Sheffield Gothic’s next instalment in our series of profile blog features Carly Stevenson, PhD student at the University of Sheffield. Read on to find out what drew Carly to the Gothic, her favourite Gothic texts, and who she would invite to dinner!
My name is Carly Stevenson and I am a PhD student in the School of English at the University of Sheffield. Prior to embarking on the PhD programme, I completed my Masters and BA (Hons) in English at the University of Lincoln. I currently work as a sessional tutor for the Worker’s Education Association (WEA) and I have been a member of Sheffield Gothic since 2013.
What do you research?
My research examines the influence of Gothic Literature on John Keats. In particular, I am interested in the ways in which Keats’s engagement with the Gothic interacts with the language of medicine in his poetry. My first chapter explores uncanny images of severed, reanimated and dead hands in a selection of Keats’s poetry and letters. My second chapter focuses on the ‘femme fatale’ figures in Keats’s ‘vampire poems’: Lamia and ‘La belle dame sans merci’.
How did you become interested in the Gothic?

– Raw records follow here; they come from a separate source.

theorem corollary3p7:
  fixes A :: "int \<Rightarrow> ('a::banach \<Rightarrow>\<^sub>L 'a)"
    and B :: "(int \<Rightarrow> real) set" and N :: "(int \<Rightarrow> real) \<Rightarrow> real"
  assumes "banach_seq_space B N" and "admissible B N"
    and "\<forall>n. invertible_op (A n)"
    and "\<exists>M. \<forall>n. norm (A n) \<le> M"
    and "exp_dichotomy A"
  shows "\<exists>L>0. \<forall>\<epsilon>>0. \<forall>y :: int \<Rightarrow> 'a.
           in_XB B (\<lambda>n. y (n + 1) - A n (y n)) \<and>
           norm_XB N (\<lambda>n. y (n + 1) - A n (y n)) \<le> L * \<epsilon> \<longrightarrow>
           (\<exists>x :: int \<Rightarrow> 'a. (\<forall>n. x (n + 1) = A n (x n)) \<and>
               in_XB B (\<lambda>n. x n - y n) \<and> norm_XB N (\<lambda>n. x n - y n) \<le> \<epsilon>) \<and>
           (\<forall>x x' :: int \<Rightarrow> 'a.
               (\<forall>n. x (n + 1) = A n (x n)) \<and> in_XB B (\<lambda>n. x n - y n) \<and> norm_XB N (\<lambda>n. x n - y n) \<le> \<epsilon> \<and>
               (\<forall>n. x' (n + 1) = A n (x' n)) \<and> in_XB B (\<lambda>n. x' n - y n) \<and> norm_XB N (\<lambda>n. x' n - y n) \<le> \<epsilon>
               \<longrightarrow> x = x')"
proof -
  obtain P C lam where "exponential_dichotomy A P C lam"
    using assms(3,5)
    unfolding exp_dichotomy_def exponential_dichotomy_def exponential_dichotomy_axioms_def
      invertible_system_def
    by auto
  then interpret exponential_dichotomy A P C lam .
  have XB: "admissible_seq_space B N"
    using assms(1,2) by (rule admissible_seq_space.intro)
  define L where "L = (1 - rate) / (2 * C)"
  have L: "0 < L" "2 * C / (1 - rate) * (L * \<epsilon>) = \<epsilon>" for \<epsilon>
    using C_pos rate_less_1 unfolding L_def by auto
  show ?thesis
  proof (intro exI[of _ L] conjI allI impI)
    fix \<epsilon> :: real and y :: "int \<Rightarrow> 'a"
    assume y: "in_XB B (\<lambda>n. y (n + 1) - A n (y n)) \<and> norm_XB N (\<lambda>n. y (n + 1) - A n (y n)) \<le> L * \<epsilon>"
    then obtain x where "\<forall>n. x (n + 1) = A n (x n)" "in_XB B (\<lambda>n. x n - y n)"
      and "norm_XB N (\<lambda>n. x n - y n) \<le> 2 * C / (1 - rate) * norm_XB N (\<lambda>n. y (n + 1) - A n (y n))"
      using XB_close_solution_exists[OF XB] by blast
    moreover have "2 * C / (1 - rate) * norm_XB N (\<lambda>n. y (n + 1) - A n (y n)) \<le> \<epsilon>"
      using y mult_left_mono[of _ "L * \<epsilon>" "2 * C / (1 - rate)"] C_pos rate_less_1 L(2) by auto
    ultimately show "\<exists>x. (\<forall>n. x (n + 1) = A n (x n)) \<and> in_XB B (\<lambda>n. x n - y n) \<and>
        norm_XB N (\<lambda>n. x n - y n) \<le> \<epsilon>"
      by force
  qed (use L XB_close_solutions_eq[OF XB] in auto)
qed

To an extent, the Gothic has always been a part of my identity. Like many children, I grew up reading the fairy tales / folk stories of Hans Christian Anderson and the Brothers Grimm, which set me off on my trajectory towards macabre interests. During my adolescence, I devoured Point Horror novels and subscribed to a magazine that printed abridged versions of classic Gothic tales, before progressing to more sophisticated works, such as Stephen King’s Misery, V. C. Andrews’ Flowers in the Attic and Bram Stoker’s Dracula. In my teens, I discovered John Carpenter’s Halloween and Wes Craven’s A Nightmare on Elm Street, which cemented my love for horror cinema. Around the same time, I also went through a Buffy the Vampire Slayer phase and developed a mild obsession with Tim Burton’s films. My academic interest in the Gothic began when I opted to study a Gothic module in the second year of my undergraduate degree, though a previous module on Victorian literature had already sowed the seeds. During my Masters year, I completed a module on ghost stories and wrote my dissertation on Shakespeare’s Gothic inheritance in Keats’s poetry. From there, I decided to turn my interest in Keats’s relationship with the Gothic into a PhD proposal, which brought me to Sheffield.
|(Ben Whishaw as Keats in the biopic Bright Star, dir Jane Campion)|
What Gothic texts (including shows, films, plays, music etc.) would you recommend and why?
Aside from everything I’ve already mentioned, I’d recommend Wide Sargasso Sea by Jean Rhys, which is a feminist and anti-colonial response to Jane Eyre set mostly in the West Indies. Wide Sargasso Sea is a great read because it addresses the darkest, unanswered questions that arise from Brontë’s novel and gives the liminal character of Antoinette ‘Bertha’ Mason a voice. The subversive centring of the ‘other’ in Rhys’ story prompts a reappraisal of Jane Eyre and its heroine, who is complicit in the imprisonment and dehumanisation of ‘the first Mrs Rochester’. Rhys is an excellent writer, whose sumptuous prose brings settings and characters vividly to life. Wide Sargasso Sea could be described as an example of Caribbean Gothic or Tropical Gothic, wherein the ruins and haunted castles of the European Gothic tradition are replaced with sultry forests filled with monstrous hothouse flowers. The landscape may be different, but patriarchal tyranny remains.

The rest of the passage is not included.